Stored items:
◇ ◇ ◇

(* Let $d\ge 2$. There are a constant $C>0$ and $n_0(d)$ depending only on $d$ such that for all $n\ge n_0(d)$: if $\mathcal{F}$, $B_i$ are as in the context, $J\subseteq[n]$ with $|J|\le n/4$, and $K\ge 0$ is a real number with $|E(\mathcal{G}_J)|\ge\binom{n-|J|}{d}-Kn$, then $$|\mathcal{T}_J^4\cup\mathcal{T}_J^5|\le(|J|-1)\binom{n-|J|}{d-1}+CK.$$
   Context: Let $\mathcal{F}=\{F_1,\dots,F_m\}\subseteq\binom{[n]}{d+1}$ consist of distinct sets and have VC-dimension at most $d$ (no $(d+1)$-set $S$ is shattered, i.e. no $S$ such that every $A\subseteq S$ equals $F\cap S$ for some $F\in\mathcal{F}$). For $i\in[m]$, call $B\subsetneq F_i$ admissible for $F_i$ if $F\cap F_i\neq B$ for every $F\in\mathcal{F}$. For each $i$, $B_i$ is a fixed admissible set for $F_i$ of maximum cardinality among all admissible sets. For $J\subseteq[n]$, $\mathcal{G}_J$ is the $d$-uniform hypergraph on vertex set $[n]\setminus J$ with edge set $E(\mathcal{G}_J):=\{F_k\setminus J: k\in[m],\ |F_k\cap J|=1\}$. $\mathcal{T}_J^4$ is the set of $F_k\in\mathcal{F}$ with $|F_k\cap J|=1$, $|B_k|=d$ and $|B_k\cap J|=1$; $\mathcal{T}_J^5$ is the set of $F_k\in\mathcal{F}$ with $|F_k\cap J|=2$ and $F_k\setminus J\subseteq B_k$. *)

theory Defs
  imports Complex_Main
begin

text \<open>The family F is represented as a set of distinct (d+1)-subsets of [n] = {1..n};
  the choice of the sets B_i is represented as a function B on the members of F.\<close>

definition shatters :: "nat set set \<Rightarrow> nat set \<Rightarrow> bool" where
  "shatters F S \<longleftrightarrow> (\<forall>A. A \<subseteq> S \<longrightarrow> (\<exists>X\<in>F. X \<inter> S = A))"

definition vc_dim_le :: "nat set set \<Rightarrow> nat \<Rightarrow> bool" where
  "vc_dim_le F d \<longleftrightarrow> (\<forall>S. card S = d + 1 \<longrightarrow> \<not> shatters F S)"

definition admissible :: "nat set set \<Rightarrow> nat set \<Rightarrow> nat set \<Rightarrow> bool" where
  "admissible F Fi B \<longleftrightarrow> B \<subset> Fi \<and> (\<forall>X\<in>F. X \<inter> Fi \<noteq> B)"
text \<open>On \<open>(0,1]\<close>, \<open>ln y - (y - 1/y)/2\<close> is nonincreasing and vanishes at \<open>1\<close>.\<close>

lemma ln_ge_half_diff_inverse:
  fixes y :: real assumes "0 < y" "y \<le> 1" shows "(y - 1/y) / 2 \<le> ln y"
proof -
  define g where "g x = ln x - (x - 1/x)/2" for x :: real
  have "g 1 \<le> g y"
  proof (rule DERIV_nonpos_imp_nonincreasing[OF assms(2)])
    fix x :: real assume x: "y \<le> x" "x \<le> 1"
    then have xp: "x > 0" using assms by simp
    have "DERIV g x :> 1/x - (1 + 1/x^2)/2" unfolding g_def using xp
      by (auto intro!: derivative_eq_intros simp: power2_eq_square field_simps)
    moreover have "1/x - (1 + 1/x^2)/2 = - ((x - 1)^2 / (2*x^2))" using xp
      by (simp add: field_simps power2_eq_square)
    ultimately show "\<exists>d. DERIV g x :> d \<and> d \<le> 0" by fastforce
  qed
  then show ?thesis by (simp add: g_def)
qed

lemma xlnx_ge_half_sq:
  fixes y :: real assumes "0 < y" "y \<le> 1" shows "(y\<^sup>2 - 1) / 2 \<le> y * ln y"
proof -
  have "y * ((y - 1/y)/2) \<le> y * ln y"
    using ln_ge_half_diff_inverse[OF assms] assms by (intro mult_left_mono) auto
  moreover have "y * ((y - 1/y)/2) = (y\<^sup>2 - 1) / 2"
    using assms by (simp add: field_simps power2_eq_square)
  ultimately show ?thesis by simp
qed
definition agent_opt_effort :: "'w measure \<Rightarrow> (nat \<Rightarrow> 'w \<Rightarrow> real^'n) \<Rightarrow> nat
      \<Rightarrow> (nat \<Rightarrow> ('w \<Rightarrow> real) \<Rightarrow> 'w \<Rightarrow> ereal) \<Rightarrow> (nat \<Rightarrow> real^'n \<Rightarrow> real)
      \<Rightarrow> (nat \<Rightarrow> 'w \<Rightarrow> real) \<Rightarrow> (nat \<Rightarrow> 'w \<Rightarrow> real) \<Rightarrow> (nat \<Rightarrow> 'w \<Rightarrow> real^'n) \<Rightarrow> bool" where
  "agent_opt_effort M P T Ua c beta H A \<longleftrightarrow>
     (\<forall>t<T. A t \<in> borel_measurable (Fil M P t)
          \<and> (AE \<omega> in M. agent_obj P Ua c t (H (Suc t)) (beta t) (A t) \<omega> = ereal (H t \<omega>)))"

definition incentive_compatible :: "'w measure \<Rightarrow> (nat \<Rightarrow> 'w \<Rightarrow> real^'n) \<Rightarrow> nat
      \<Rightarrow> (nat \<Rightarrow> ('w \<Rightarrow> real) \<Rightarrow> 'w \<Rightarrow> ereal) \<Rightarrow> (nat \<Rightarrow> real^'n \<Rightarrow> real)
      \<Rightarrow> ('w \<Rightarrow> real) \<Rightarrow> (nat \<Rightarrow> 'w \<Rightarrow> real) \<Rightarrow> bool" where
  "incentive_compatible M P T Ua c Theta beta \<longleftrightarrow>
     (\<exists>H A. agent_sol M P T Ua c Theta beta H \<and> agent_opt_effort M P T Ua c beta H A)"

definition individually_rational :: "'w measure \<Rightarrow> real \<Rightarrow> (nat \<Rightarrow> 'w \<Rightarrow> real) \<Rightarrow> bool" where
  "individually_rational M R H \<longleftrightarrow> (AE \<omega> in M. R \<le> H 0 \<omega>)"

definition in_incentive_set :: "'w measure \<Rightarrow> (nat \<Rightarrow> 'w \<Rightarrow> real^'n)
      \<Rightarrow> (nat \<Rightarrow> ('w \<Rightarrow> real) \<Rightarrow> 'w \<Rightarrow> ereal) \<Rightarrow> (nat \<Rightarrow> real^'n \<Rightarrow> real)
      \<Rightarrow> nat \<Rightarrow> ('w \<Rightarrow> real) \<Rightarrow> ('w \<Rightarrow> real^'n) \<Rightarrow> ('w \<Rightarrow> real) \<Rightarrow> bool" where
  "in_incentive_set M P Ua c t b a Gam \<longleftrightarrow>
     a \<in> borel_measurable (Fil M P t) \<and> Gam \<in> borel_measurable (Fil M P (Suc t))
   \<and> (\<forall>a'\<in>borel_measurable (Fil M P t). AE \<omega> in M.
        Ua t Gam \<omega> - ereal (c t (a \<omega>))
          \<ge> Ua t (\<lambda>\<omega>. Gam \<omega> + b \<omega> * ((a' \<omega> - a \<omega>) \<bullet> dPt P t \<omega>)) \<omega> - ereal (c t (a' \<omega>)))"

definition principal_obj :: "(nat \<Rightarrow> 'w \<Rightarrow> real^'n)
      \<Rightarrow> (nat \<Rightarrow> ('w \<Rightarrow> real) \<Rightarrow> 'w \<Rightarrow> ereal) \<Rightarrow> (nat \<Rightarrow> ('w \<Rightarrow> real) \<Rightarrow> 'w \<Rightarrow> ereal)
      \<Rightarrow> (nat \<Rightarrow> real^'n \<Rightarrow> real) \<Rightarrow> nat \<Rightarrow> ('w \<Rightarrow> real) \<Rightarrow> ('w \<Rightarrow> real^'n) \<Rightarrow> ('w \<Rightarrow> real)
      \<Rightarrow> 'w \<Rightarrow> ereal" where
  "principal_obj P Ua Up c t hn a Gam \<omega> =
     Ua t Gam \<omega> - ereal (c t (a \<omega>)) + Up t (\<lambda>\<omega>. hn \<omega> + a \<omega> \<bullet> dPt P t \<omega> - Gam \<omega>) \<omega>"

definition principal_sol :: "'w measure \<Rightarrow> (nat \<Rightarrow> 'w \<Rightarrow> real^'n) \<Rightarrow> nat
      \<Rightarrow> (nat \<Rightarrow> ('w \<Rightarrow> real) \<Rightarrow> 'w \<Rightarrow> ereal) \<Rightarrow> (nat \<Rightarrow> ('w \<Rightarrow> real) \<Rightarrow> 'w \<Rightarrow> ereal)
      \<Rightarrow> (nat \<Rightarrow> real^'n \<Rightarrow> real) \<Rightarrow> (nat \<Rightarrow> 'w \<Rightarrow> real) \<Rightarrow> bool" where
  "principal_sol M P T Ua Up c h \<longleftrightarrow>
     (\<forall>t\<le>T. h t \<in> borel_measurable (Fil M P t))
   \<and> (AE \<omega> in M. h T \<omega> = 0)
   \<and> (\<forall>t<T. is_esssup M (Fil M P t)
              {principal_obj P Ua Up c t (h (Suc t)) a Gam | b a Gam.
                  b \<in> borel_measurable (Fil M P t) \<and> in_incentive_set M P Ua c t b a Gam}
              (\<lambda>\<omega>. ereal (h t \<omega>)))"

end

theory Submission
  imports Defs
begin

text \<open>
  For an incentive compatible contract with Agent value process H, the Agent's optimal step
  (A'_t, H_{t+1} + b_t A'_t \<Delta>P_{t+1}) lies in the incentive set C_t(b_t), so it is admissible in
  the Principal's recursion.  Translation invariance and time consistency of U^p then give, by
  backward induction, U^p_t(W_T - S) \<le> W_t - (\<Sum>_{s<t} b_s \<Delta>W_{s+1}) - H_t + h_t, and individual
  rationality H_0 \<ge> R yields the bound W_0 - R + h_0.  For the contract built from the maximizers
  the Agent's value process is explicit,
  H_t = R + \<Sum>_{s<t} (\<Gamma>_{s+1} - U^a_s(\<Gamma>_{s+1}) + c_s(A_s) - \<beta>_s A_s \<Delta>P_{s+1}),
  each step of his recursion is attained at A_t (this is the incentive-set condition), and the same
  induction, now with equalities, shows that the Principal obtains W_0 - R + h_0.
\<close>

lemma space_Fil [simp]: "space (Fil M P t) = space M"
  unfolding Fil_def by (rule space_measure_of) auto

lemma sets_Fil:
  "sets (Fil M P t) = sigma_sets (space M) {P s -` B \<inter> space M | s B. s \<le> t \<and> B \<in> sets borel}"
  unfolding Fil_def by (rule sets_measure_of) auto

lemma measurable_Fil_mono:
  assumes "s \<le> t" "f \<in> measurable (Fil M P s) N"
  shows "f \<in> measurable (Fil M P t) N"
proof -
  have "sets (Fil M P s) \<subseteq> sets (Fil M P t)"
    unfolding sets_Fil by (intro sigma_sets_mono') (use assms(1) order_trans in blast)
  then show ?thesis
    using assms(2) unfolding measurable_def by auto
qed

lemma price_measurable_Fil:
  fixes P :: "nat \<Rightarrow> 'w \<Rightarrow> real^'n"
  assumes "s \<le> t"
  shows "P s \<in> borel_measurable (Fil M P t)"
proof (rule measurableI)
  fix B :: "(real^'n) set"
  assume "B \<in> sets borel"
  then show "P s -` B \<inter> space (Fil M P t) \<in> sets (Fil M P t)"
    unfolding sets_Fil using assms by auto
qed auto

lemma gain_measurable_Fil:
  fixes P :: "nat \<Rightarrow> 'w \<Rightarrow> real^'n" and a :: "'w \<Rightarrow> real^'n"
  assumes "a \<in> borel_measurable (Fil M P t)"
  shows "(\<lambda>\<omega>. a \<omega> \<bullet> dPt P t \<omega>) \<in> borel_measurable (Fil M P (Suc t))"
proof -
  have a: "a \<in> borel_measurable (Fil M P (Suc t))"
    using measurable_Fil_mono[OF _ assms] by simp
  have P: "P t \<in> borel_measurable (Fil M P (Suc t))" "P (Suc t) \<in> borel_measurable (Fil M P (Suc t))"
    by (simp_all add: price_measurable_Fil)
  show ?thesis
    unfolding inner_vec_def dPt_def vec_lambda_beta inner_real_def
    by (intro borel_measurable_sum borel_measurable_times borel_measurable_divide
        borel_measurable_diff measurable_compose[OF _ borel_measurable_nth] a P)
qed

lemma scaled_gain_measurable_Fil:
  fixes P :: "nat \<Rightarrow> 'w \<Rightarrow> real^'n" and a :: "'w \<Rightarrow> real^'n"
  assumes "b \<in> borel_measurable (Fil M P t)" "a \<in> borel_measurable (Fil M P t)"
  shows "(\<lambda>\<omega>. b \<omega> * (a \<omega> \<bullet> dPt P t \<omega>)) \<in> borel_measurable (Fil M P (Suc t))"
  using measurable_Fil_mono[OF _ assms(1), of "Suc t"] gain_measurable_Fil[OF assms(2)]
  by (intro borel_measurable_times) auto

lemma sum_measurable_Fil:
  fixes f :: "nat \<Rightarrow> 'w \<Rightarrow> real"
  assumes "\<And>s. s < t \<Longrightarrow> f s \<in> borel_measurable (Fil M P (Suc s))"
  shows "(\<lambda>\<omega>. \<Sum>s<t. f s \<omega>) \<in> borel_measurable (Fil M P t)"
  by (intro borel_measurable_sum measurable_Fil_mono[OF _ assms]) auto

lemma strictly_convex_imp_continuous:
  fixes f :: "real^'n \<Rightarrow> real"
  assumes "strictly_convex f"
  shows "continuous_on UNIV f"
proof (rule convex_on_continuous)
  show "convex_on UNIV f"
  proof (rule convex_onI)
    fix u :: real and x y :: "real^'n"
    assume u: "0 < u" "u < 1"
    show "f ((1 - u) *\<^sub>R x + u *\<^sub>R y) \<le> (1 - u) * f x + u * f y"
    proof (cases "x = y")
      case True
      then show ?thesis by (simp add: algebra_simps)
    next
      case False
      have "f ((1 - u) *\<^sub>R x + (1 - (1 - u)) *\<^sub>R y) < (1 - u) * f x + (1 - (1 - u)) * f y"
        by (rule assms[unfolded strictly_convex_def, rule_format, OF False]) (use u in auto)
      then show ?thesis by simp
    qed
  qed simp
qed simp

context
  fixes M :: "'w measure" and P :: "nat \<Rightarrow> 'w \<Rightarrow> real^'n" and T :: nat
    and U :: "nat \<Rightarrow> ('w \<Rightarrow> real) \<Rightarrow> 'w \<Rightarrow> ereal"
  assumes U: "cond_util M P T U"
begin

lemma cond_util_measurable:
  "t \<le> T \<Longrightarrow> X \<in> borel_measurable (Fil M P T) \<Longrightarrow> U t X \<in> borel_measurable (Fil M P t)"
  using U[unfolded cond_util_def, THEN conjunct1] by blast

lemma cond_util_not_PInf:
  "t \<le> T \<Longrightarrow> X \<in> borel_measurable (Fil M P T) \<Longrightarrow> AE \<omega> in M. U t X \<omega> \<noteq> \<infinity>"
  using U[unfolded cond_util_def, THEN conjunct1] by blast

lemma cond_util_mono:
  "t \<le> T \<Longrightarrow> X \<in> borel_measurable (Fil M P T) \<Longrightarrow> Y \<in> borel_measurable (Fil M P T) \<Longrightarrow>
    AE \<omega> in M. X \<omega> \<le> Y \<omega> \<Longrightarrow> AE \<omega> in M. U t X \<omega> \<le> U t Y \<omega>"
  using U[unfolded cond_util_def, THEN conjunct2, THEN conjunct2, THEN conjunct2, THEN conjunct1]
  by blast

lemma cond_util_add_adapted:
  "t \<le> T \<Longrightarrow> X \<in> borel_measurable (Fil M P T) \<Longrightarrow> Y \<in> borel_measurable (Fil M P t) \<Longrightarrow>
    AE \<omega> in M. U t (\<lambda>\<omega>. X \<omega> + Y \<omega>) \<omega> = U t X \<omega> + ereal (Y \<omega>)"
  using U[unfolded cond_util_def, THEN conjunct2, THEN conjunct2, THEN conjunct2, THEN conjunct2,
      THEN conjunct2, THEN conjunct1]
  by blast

◇ ◇ ◇

Your assignment: If a line in the records above has the word "recursion", copy it.

Result of this task:
  the Principal's recursion.  Translation invariance and time consistency of U^p then give, by
  each step of his recursion is attained at A_t (this is the incentive-set condition), and the same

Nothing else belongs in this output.